● **YOUR GOAL**: For the string "place", work out how many lines of the data contain it and give that number with nothing added.

● **LISTED ENTRIES**:
(* Write $Q:=3^\ell$ for some $\ell\ge 3$. Let $n_1,n_2,n_3,n_5,n_9$ be nonnegative integers for which $n_1+2n_2+3n_3+5n_5+9n_9=Q-1$ and the union of the base-$3$ expansions of the $n_j$'s consists of one copy of each $3^i$ with $1\le i\le\ell-2$ along with some partition of $2$. Then the base-$3$ expansion of $n_5$ contains $Q/9$, and the base-$3$ expansion of $n_9$ contains $Q/27$.
   Context: A term of the base-$p$ expansion of a nonnegative integer $m=\sum_j b_jp^j$ (with $0\le b_j\le p-1$) is some $b_jp^j$ with $b_j>0$. The union of the base-$p$ expansions of several integers means the multiset of all terms of all these integers. "Some partition of $2$" means the remaining terms (in the $3^0$ place) are either one copy of $2$ or two copies of $1$. *)

theory Defs
  imports Main "HOL-Library.Multiset"
begin

definition digit :: "nat \<Rightarrow> nat \<Rightarrow> nat \<Rightarrow> nat" where
  "digit p m j = m div p ^ j mod p"

(* multiset of terms b_j p^j (b_j > 0) of the base-p expansion of m;
   digits j > m are zero for p \<ge> 2, so j \<le> m suffices *)
definition base_terms :: "nat \<Rightarrow> nat \<Rightarrow> nat multiset" where
  "base_terms p m = mset (map (\<lambda>j. digit p m j * p ^ j)
                          (filter (\<lambda>j. digit p m j > 0) [0..<Suc m]))"

end

theory Submission
  imports Defs
begin

(* Put h = l - 2. The hypothesis on the terms says that at each place 1 <= i <= h exactly one
   of the five numbers has ternary digit 1 and the others 0, that no digit is nonzero above
   place h, and that the digits at place 0 form a partition of 2. So the weighted column sums
   c_i (weights 1, 2, 3, 5, 9) satisfy sum_{i<=h} c_i 3^i = 9 * 3^h - 1 with c_i in
   {1, 2, 3, 5, 9} for i >= 1, and reducing mod 3 gives c_0 = 2 (mod 3), hence c_0 <= 14.
   Then the columns below place k contribute less than 5 * 3^k, which forces c_h = 5 and then
   c_(h-1) = 9 (or c_0 = 11 = 9 + 2 if h = 1): n5 has digit 1 at place h and n9 at place h - 1. *)

lemma digit_less: "0 < p \<Longrightarrow> digit p n i < p"
  by (simp add: digit_def)

lemma digit_3_cases: "digit 3 n i \<in> {0, 1, 2}"
  using digit_less[of 3 n i] by auto

lemma digit_mult_power:
  assumes "d < p"
  shows "digit p (d * p ^ i) j = (if j = i then d else 0)"
proof (cases j i rule: linorder_cases)
  case less
  then have "i = j + Suc (i - j - 1)" by simp
  then have "p ^ i = p ^ j * (p ^ (i - j - 1) * p)"
    by (metis power_add power_Suc2)
  then have "d * p ^ i div p ^ j = d * p ^ (i - j - 1) * p"
    using assms by simp
  with less show ?thesis by (simp add: digit_def)
next
  case equal
  with assms show ?thesis by (simp add: digit_def)
next
  case greater
  have "d * p ^ i < p ^ Suc i" using assms by simp
  also have "\<dots> \<le> p ^ j" using greater assms by (intro power_increasing) auto
  finally show ?thesis using greater by (simp add: digit_def)
qed

lemma mult_power_eq_mult_power_iff:
  fixes d e p i j :: nat
  assumes "0 < d" "d < p" "e < p"
  shows "d * p ^ i = e * p ^ j \<longleftrightarrow> d = e \<and> i = j"
proof
  assume "d * p ^ i = e * p ^ j"
  then have "digit p (d * p ^ i) i = digit p (e * p ^ j) i" by simp
  then show "d = e \<and> i = j"
    using assms by (simp add: digit_mult_power split: if_splits)
qed simp

lemma mod_power_eq_sum_digits: "n mod p ^ k = (\<Sum>i<k. digit p n i * p ^ i)"
proof (induction k)
  case (Suc k)
  have "n mod p ^ Suc k = p ^ k * digit p n k + n mod p ^ k"
    unfolding digit_def by (simp only: power_Suc2 mod_mult2_eq)
  with Suc show ?case by simp
qed simp

lemma less_power_if_high_digits_zero:
  assumes "1 < p" "\<forall>i\<ge>k. digit p n i = 0"
  shows "n < p ^ k"
proof -
  define m where "m = n div p ^ k"
  have "digit p m i = 0" for i
    using assms(2)[rule_format, of "k + i"]
    by (simp add: m_def digit_def div_mult2_eq power_add)
  then have "m mod p ^ m = 0" by (simp add: mod_power_eq_sum_digits)
  moreover have "m < p ^ m" using assms(1) by (simp add: power_gt_expt)
  ultimately have "m = 0" by simp
  then show ?thesis using assms(1) by (simp add: m_def div_eq_0_iff)
qed

lemma sum_digits_if_high_digits_zero:
  "1 < p \<Longrightarrow> \<forall>i\<ge>k. digit p n i = 0 \<Longrightarrow> n = (\<Sum>i<k. digit p n i * p ^ i)"
  by (metis less_power_if_high_digits_zero mod_less mod_power_eq_sum_digits)

lemma power_le_if_digit_nonzero: "digit p n i \<noteq> 0 \<Longrightarrow> p ^ i \<le> n"
  by (rule ccontr) (simp add: digit_def)

lemma count_base_terms:
  assumes "0 < d" "d < p"
  shows "count (base_terms p n) (d * p ^ i) = of_bool (digit p n i = d)"
proof -
  have "count (base_terms p n) (d * p ^ i)
      = length (filter (\<lambda>j. 0 < digit p n j \<and> digit p n j * p ^ j = d * p ^ i) [0..<Suc n])"
    unfolding base_terms_def count_mset count_list_eq_length_filter
    by (simp add: filter_map comp_def filter_filter conj_commute eq_commute[of "d * p ^ i"] del: upt_Suc)
  also have "(\<lambda>j. 0 < digit p n j \<and> digit p n j * p ^ j = d * p ^ i) = (\<lambda>j. j = i \<and> digit p n i = d)"
    using assms digit_less[of p n] mult_power_eq_mult_power_iff[of _ p d] by fastforce
  also have "length (filter (\<lambda>j. j = i \<and> digit p n i = d) [0..<Suc n]) = of_bool (digit p n i = d)"
  proof (cases "digit p n i = d")
    case True
    then have "p ^ i \<le> n" using assms power_le_if_digit_nonzero by blast
    moreover have "i < p ^ i" using assms by (intro power_gt_expt) simp
    ultimately have "i < Suc n" by simp
    with True show ?thesis by (subst distinct_length_filter) (simp_all del: upt_Suc)
  qed simp
  finally show ?thesis .
qed

lemma power_in_base_terms_iff:
  assumes "1 < p"
  shows "p ^ i \<in># base_terms p n \<longleftrightarrow> digit p n i = 1"
  using count_base_terms[of 1 p n i] assms by (simp flip: count_greater_zero_iff)
lemma mat_mul_id_left: "i < d \<Longrightarrow> mat_mul d id_mat B i j = B i j"
  unfolding mat_mul_def by (rule sum_id_mat_left)

lemma mat_mul_id_right: "j < d \<Longrightarrow> mat_mul d A id_mat i j = A i j"
  unfolding mat_mul_def by (rule sum_id_mat_right)

lemma mat_mul_assoc: "mat_mul d (mat_mul e A B) C = mat_mul e A (mat_mul d B C)"
  unfolding mat_mul_def
  by (auto simp: sum_distrib_left sum_distrib_right mult.assoc intro!: ext sum.swap)

lemma inverse_pair_id: "inverse_pair d id_mat id_mat"
  unfolding inverse_pair_def by (simp add: mat_mul_id_left)

lemma inverse_pair_transpose: "inverse_pair d A A' \<Longrightarrow> inverse_pair d (\<lambda>i j. A j i) (\<lambda>i j. A' j i)"
  unfolding inverse_pair_def mat_mul_def by (simp add: mult.commute id_mat_sym)

lemma mat_mul_cancel_middle:
  assumes "\<forall>i<d. \<forall>j<d. mat_mul d Y Y' i j = id_mat i j"
  shows "mat_mul d (mat_mul d X Y) (mat_mul d Y' X') i j = mat_mul d X X' i j"
proof -
  have "mat_mul d (mat_mul d Y Y') X' k j = X' k j" if "k < d" for k
  proof -
    have "mat_mul d (mat_mul d Y Y') X' k j = (\<Sum>l<d. id_mat k l * X' l j)"
      unfolding mat_mul_def[of d "mat_mul d Y Y'"] using assms that by (intro sum.cong) auto
    then show ?thesis using that by (simp add: sum_id_mat_left)
  qed
  then have "mat_mul d X (mat_mul d (mat_mul d Y Y') X') i j = mat_mul d X X' i j"
    unfolding mat_mul_def[of d X] by (intro sum.cong) auto
  then show ?thesis by (simp only: mat_mul_assoc)
qed

lemma inverse_pair_mul:
  assumes "inverse_pair d A A'" "inverse_pair d B B'"
  shows "inverse_pair d (mat_mul d A B) (mat_mul d B' A')"
  using assms unfolding inverse_pair_def by (simp add: mat_mul_cancel_middle)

● **PROBLEM SOLUTION**: 5